Adaptive versus Standard Descent Methods and Robustness Against Adversarial Examples

TL;DR

This paper investigates how the choice of optimization algorithm affects the robustness of machine learning models against adversarial examples, revealing that adaptive methods can lead to less robust solutions than non-adaptive ones.

Contribution

It demonstrates that adaptive optimization algorithms can produce models with worse adversarial robustness and characterizes the loss landscape in adversarial training for linear regression.

Findings

Adaptive algorithms yield less robust models against adversarial attacks.

Non-adaptive methods generally produce more robust classifiers.
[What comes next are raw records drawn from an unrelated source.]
(* Let $G_n\sim \mathrm{CM}_n(\bar d^{(n)})$ satisfy the convergence assumption (CA) towards a limiting degree distribution $(p_k)_{k\ge0}$ with mean $0<\lambda<\infty$ and criticality parameter $0<\nu<1$, and suppose there exists $\gamma>0$ with $p_k=\mathcal{O}(e^{-\gamma k})$. Let $B_n$ be the number of vertices of $G_n$ that lie in connected components which are not trees. Then for every $0<\alpha<1$, $B_n=\mathcal{O}_{\mathbb{P}}(n^{\alpha})$.
   Context: Configuration model: given a degree sequence $\bar d^{(n)}=(d_1,\dots,d_n)\in\mathbb{N}_0^n$ (deterministic or i.i.d.), assign $d_v$ half-edges to vertex $v$ and pair all half-edges uniformly at random; matched pairs become edges (self-loops and multi-edges allowed; a component containing a self-loop or multi-edge is not a tree). Its law is $\mathrm{CM}_n(\bar d^{(n)})$. Let $D^{(n)}$ be the degree of a uniformly chosen vertex. Convergence assumption (CA): $D^{(n)}\to D$ in distribution and $\mathbb{E}((D^{(n)})^2)\to\mathbb{E}(D^2)<\infty$, where $D$ has law $(p_k)$. $\lambda=\mathbb{E}D$ and $\nu=\mathbb{E}(D(D-1))/\mathbb{E}(D)$. $X_n=\mathcal{O}_{\mathbb{P}}(f_n)$ means: for every $\epsilon>0$ there exist $M,N$ with $\mathbb{P}(|X_n/f_n|>M)<\epsilon$ for $n\ge N$. *)

theory Defs
  imports "HOL-Probability.Probability" "HOL-Library.Landau_Symbols"
begin

definition half_edges :: "nat \<Rightarrow> (nat \<Rightarrow> nat) \<Rightarrow> (nat \<times> nat) set" where
  "half_edges n d = {(v,i). v < n \<and> i < d v}"

definition perfect_matchings :: "(nat \<times> nat) set \<Rightarrow> ((nat \<times> nat) \<Rightarrow> (nat \<times> nat)) set" where
  "perfect_matchings H = {m. (\<forall>h\<in>H. m h \<in> H \<and> m h \<noteq> h \<and> m (m h) = h) \<and> (\<forall>h. h \<notin> H \<longrightarrow> m h = h)}"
The geometry of the loss landscape influences optimization and robustness.

Abstract

Adversarial examples are a pervasive phenomenon of machine learning models where seemingly imperceptible perturbations to the input lead to misclassifications for otherwise statistically accurate models. In this paper we study how the choice of optimization algorithm influences the robustness of the resulting classifier to adversarial examples. Specifically we show an example of a learning problem for which the solution found by adaptive optimization algorithms exhibits qualitatively worse robustness properties against both $L_{2}$- and $L_{\infty}$-adversaries than the solution found by non-adaptive algorithms. Then we fully characterize the geometry of the loss landscape of $L_{2}$-adversarial training in least-squares linear regression. The geometry of the loss landscape is subtle and has important consequences for optimization algorithms. Finally we provide experimental evidence which suggests that non-adaptive methods consistently produce more robust models than adaptive methods.